Among the entries below, one stretch runs from the line that contains "set. (\<forall>n. G_loose" through the line that contains "then obtain Bs". Repeat that stretch exactly, ends included, and only that.

[Data excerpts]
"""

lemma unit_row_mult_vec_p:
  assumes "g \<in> carrier_mat d d" "unit_row g" "x \<in> carrier_vec d"
  shows "(g *\<^sub>v x) $ p = x $ p"
proof -
  have "(g *\<^sub>v x) $ p = (\<Sum>j<d. g $$ (p,j) * x $ j)"
    using assms p_less by (simp add: row_def scalar_prod_def atLeast0LessThan)
  also have "\<dots> = (\<Sum>j<d. if j = p then x $ j else 0)"
    using assms(2) unfolding unit_row_def by (intro sum.cong) auto
  finally show ?thesis using p_less by simp
qed

lemma unit_row_det:
  assumes g: "g \<in> carrier_mat d d" and r: "unit_row g"
  shows "det g = det (mat_delete g p p)"
proof -
  have "det g = (\<Sum>j<d. g $$ (p,j) * cofactor g p j)" by (rule laplace_expansion_row[OF g p_less])
  also have "\<dots> = (\<Sum>j<d. if j = p then cofactor g p j else 0)"
    using r unfolding unit_row_def by (intro sum.cong) auto
  finally show ?thesis using p_less by (simp add: cofactor_def)
qed

lemma unit_row_mult_vec_ins:
  assumes g: "g \<in> carrier_mat d d" and r: "unit_row g" and x: "x \<in> carrier_vec (d-1)"
  shows "g *\<^sub>v vec_ins x = vec_ins (mat_delete g p p *\<^sub>v x)"
proof (rule eq_vecI)
  fix i assume "i < dim_vec (vec_ins (mat_delete g p p *\<^sub>v x))"
  then have i: "i < d" by simp
  show "(g *\<^sub>v vec_ins x) $ i = vec_ins (mat_delete g p p *\<^sub>v x) $ i"
  proof (cases "i = p")
    case True
    then show ?thesis using unit_row_mult_vec_p[OF g r, of "vec_ins x"] by simp
  next
    case False
    have "(g *\<^sub>v vec_ins x) $ i = (\<Sum>j<d. g $$ (i,j) * vec_ins x $ j)"
      using g i by (simp add: row_def scalar_prod_def atLeast0LessThan)
    also have "\<dots> = (\<Sum>j<d-1. g $$ (i, insert_index p j) * x $ j)"
      unfolding sum_lessThan_insert_index[OF p_less] vec_ins_def
      using insert_index_less p_less by (auto intro!: sum.cong)
    also have "\<dots> = (mat_delete g p p *\<^sub>v x) $ delete_index p i"
      using g x delete_index_less[OF i False] insert_delete_index[OF False]
      by (auto simp: row_def scalar_prod_def atLeast0LessThan mat_delete_def insert_index_def intro!: sum.cong)
    finally show ?thesis unfolding vec_ins_def using i False by simp
  qed
qed (use g in simp)

lemma mat_delete_index:
  assumes "A \<in> carrier_mat d d" "i < d - 1" "j < d - 1"
  shows "mat_delete A p p $$ (i,j) = A $$ (insert_index p i, insert_index p j)"
  using assms unfolding mat_delete_def insert_index_def by simp

lemma mat_delete_mult_unit_row:
  assumes G: "G \<in> carrier_mat d d" and H: "H \<in> carrier_mat d d" and r: "unit_row H"
  shows "mat_delete (G * H) p p = mat_delete G p p * mat_delete H p p"
proof (rule eq_matI)
  fix i j assume "i < dim_row (mat_delete G p p * mat_delete H p p)"
    "j < dim_col (mat_delete G p p * mat_delete H p p)"
  then have i: "i < d - 1" and j: "j < d - 1" using G H by auto
  have "mat_delete (G * H) p p $$ (i,j) = (\<Sum>k<d. G $$ (insert_index p i, k) * H $$ (k, insert_index p j))"
    using mat_delete_index[of "G * H", OF _ i j] G H insert_index_less[OF i] insert_index_less[OF j]
    by (simp add: row_def col_def scalar_prod_def atLeast0LessThan)
  also have "\<dots> = (\<Sum>k<d-1. G $$ (insert_index p i, insert_index p k) * H $$ (insert_index p k, insert_index p j))"
    unfolding sum_lessThan_insert_index[OF p_less] using r insert_index_less[OF j] unfolding unit_row_def by simp
  also have "\<dots> = (mat_delete G p p * mat_delete H p p) $$ (i,j)"
    using G H i j mat_delete_index[OF G i] mat_delete_index[OF H _ j]
    by (simp add: row_def col_def scalar_prod_def atLeast0LessThan)
  finally show "mat_delete (G * H) p p $$ (i,j) = (mat_delete G p p * mat_delete H p p) $$ (i,j)" .
qed (use G H in auto)

lemma unit_row_mult:
  assumes G: "G \<in> carrier_mat d d" and H: "H \<in> carrier_mat d d" and rG: "unit_row G"
  shows "unit_row (G * H) \<longleftrightarrow> unit_row H"
proof -
  have "(G * H) $$ (p,j) = H $$ (p,j)" if j: "j < d" for j
  proof -
    have "(G * H) $$ (p,j) = (\<Sum>k<d. G $$ (p,k) * H $$ (k,j))"
      using G H j p_less by (simp add: row_def col_def scalar_prod_def atLeast0LessThan)
    also have "\<dots> = (\<Sum>k<d. if k = p then H $$ (k,j) else 0)"
      using rG unfolding unit_row_def by (intro sum.cong) auto
    finally show ?thesis using p_less by simp
  qed
  then show ?thesis unfolding unit_row_def by auto
qed

lemma unit_row_inverse:
  assumes G: "G \<in> carrier_mat d d" and r: "unit_row G" and det: "det G \<noteq> 0"
  shows "\<exists>H. H \<in> carrier_mat d d \<and> G * H = 1\<^sub>m d \<and> H * G = 1\<^sub>m d \<and> unit_row H"
proof -
  define H where "H = inverse (det G) \<cdot>\<^sub>m adj_mat G"
  have Hc: "H \<in> carrier_mat d d" unfolding H_def using adj_mat[OF G] by simp
  have GH: "G * H = 1\<^sub>m d" and HG: "H * G = 1\<^sub>m d"
    unfolding H_def using adj_mat[OF G] det G
    by (auto simp: mult_smult_distrib[of _ d d] mult_smult_assoc_mat[of _ d d] intro!: eq_matI)
  have "unit_row H" using unit_row_mult[OF G Hc r] GH unit_row_one by simp
  then show ?thesis using Hc GH HG by blast
qed

lemma mat_delete_one: "mat_delete (1\<^sub>m d) p p = 1\<^sub>m (d-1)"
  unfolding mat_delete_def using insert_index_less by (intro eq_matI) (auto simp: insert_index_def)

lemma Stab_restrict_SU_star:
  assumes g: "g \<in> Stab"
  shows "mat_delete g p p \<in> SU_star (d-1) \<alpha>"
proof -
  note G = StabD[OF g] and r = Stab_unit_row[OF g]
  define h where "h = mat_delete g p p"
  have hc: "h \<in> carrier_mat (d-1) (d-1)" unfolding h_def using mat_delete_carrier[OF G(1)] .
  have hv: "vec_ins (h *\<^sub>v x) = g *\<^sub>v vec_ins x" if "x \<in> carrier_vec (d-1)" for x
    unfolding h_def using unit_row_mult_vec_ins[OF G(1) r that] by simp
  have pres: "Q' (h *\<^sub>v x) (h *\<^sub>v y) = Q' x y" if "x \<in> carrier_vec (d-1)" "y \<in> carrier_vec (d-1)" for x y
    using Qform_vec_ins[of "h *\<^sub>v x" "h *\<^sub>v y"] Qform_vec_ins[OF that] hv that hc G(4) by simp
  have kern: "h *\<^sub>v v = v" if v: "v \<in> form_kernel (d-1) \<alpha>" for v
  proof -
    have vc: "v \<in> carrier_vec (d-1)" and vk: "\<And>y. y \<in> carrier_vec (d-1) \<Longrightarrow> Q' v y = 0"
      using v unfolding form_kernel_def by auto
    have "vec_ins v \<in> {y \<in> carrier_vec d. \<forall>h \<in> carrier_vec d. h $ p = 0 \<longrightarrow> Q y h = 0}"
      using Qform_vec_del[of "vec_ins v"] vk[OF vec_del_carrier(1)] vc by auto
    then obtain c where c: "vec_ins v = c \<cdot>\<^sub>v w" using w_span by auto
    have "vec_ins (h *\<^sub>v v) = vec_ins v" using hv[OF vc] c G(1) G(3) w_carrier by (simp add: mult_mat_vec)
    then show ?thesis using vec_del_vec_ins[OF vc] vec_del_vec_ins[OF mult_mat_vec_carrier[OF hc vc]] by metis
  qed
  show ?thesis unfolding h_def[symmetric] SU_star_def SU_Q_def preserves_form_def
    using hc pres kern G(2) unit_row_det[OF G(1) r] unfolding h_def by auto
qed
theorem corollary3p9:
  fixes T :: "'a topology" and G :: "'a \<Rightarrow> 'a \<Rightarrow> bool"
  assumes "compact_space T" and "metrizable_space T"
    and "closed_graph T G"
    and "\<exists>A :: nat \<Rightarrow> 'a set. (\<forall>n. G_loose T G (A n)) \<and> topspace T = (\<Union>n. A n)"
  shows "ccc (PG T G) PG_le \<and> \<not> adds_dominating_real (PG T G) PG_le"
proof -
  obtain A :: "nat \<Rightarrow> 'a set" where A: "\<And>n. G_loose T G (A n)" "topspace T = (\<Union>n. A n)"
    using assms(4) by blast
  obtain M d where "Metric_space M d" "T = Metric_space.mtopology M d"
    using assms(2) unfolding metrizable_space_def by blast
  then have "second_countable T"
    using assms(1) Metric_space.compact_space_eq_mcomplete_mtotally_bounded
      Metric_space.mtotally_bounded_imp_second_countable by metis
  then obtain Bs where "countable Bs" "\<And>V. V \<in> Bs \<Longrightarrow> openin T V"
    "\<And>U x. openin T U \<Longrightarrow> x \<in> U \<Longrightarrow> \<exists>V\<in>Bs. x \<in> V \<and> V \<subseteq> U"
    unfolding second_countable_def by metis
  then interpret loose_cover T G A Bs
    using assms(1,2,3) A metrizable_imp_regular_space metrizable_imp_Hausdorff_space
    by unfold_locales auto
  have cover: "\<exists>\<tau>\<in>types. has_type p \<tau>" if "p \<in> PG T G" for p
    using has_type_exists that by (cases p) auto
  have "ccc (PG T G) PG_le"
    by (rule ccc_if_countable_linked_cover[OF countable_types cover same_type_compatible])
  moreover have "\<not> adds_dominating_real (PG T G) PG_le"
    by (rule no_dominating_real_if_countable_limit_cover[OF PG_le_refl PG_le_trans
          countable_types cover same_type_limit])
  ultimately show ?thesis ..
qed

end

"""

• Response area:
    and "\<exists>A :: nat \<Rightarrow> 'a set. (\<forall>n. G_loose T G (A n)) \<and> topspace T = (\<Union>n. A n)"
  shows "ccc (PG T G) PG_le \<and> \<not> adds_dominating_real (PG T G) PG_le"
proof -
  obtain A :: "nat \<Rightarrow> 'a set" where A: "\<And>n. G_loose T G (A n)" "topspace T = (\<Union>n. A n)"
    using assms(4) by blast
  obtain M d where "Metric_space M d" "T = Metric_space.mtopology M d"
    using assms(2) unfolding metrizable_space_def by blast
  then have "second_countable T"
    using assms(1) Metric_space.compact_space_eq_mcomplete_mtotally_bounded
      Metric_space.mtotally_bounded_imp_second_countable by metis
  then obtain Bs where "countable Bs" "\<And>V. V \<in> Bs \<Longrightarrow> openin T V"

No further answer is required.